WORK ITEM:
Everything from the first line of the material below through the line containing "M (\<lambda>_. borel)" is to be printed exactly, and nothing more.

──────── DATASET ENTRIES

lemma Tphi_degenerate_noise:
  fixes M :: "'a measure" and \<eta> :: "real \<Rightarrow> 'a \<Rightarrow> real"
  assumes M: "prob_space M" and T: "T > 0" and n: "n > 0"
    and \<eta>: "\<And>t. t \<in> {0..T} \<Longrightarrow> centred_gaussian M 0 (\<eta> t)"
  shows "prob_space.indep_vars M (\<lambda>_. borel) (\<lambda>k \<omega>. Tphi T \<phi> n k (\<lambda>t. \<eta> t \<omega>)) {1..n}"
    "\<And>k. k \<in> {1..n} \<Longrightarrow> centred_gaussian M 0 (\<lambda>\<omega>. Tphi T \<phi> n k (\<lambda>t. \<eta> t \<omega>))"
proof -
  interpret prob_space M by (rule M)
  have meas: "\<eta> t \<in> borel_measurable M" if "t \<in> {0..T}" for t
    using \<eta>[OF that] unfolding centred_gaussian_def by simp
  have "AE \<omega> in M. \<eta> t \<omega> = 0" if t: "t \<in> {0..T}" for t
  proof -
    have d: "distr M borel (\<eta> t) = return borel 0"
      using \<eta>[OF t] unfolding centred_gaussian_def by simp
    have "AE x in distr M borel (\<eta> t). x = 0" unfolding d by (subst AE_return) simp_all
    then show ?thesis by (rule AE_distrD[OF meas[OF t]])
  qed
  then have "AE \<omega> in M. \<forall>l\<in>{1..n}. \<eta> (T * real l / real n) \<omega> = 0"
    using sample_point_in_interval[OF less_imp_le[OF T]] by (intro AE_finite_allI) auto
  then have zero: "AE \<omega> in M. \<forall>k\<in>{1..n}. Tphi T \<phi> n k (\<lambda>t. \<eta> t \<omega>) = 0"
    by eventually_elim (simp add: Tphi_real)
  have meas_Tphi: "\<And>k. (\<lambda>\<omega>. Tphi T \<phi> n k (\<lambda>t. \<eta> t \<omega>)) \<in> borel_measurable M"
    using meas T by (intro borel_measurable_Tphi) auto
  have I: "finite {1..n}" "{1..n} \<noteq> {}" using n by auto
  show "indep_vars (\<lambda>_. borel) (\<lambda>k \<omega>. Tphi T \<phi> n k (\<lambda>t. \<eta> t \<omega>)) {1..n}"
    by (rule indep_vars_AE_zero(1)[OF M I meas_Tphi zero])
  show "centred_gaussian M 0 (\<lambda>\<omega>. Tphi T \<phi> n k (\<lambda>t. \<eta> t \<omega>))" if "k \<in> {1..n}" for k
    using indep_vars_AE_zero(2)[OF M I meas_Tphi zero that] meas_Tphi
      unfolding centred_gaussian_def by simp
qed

────────────────

ANSWER SECTION:
lemma Tphi_degenerate_noise:
  fixes M :: "'a measure" and \<eta> :: "real \<Rightarrow> 'a \<Rightarrow> real"
  assumes M: "prob_space M" and T: "T > 0" and n: "n > 0"
    and \<eta>: "\<And>t. t \<in> {0..T} \<Longrightarrow> centred_gaussian M 0 (\<eta> t)"
  shows "prob_space.indep_vars M (\<lambda>_. borel) (\<lambda>k \<omega>. Tphi T \<phi> n k (\<lambda>t. \<eta> t \<omega>)) {1..n}"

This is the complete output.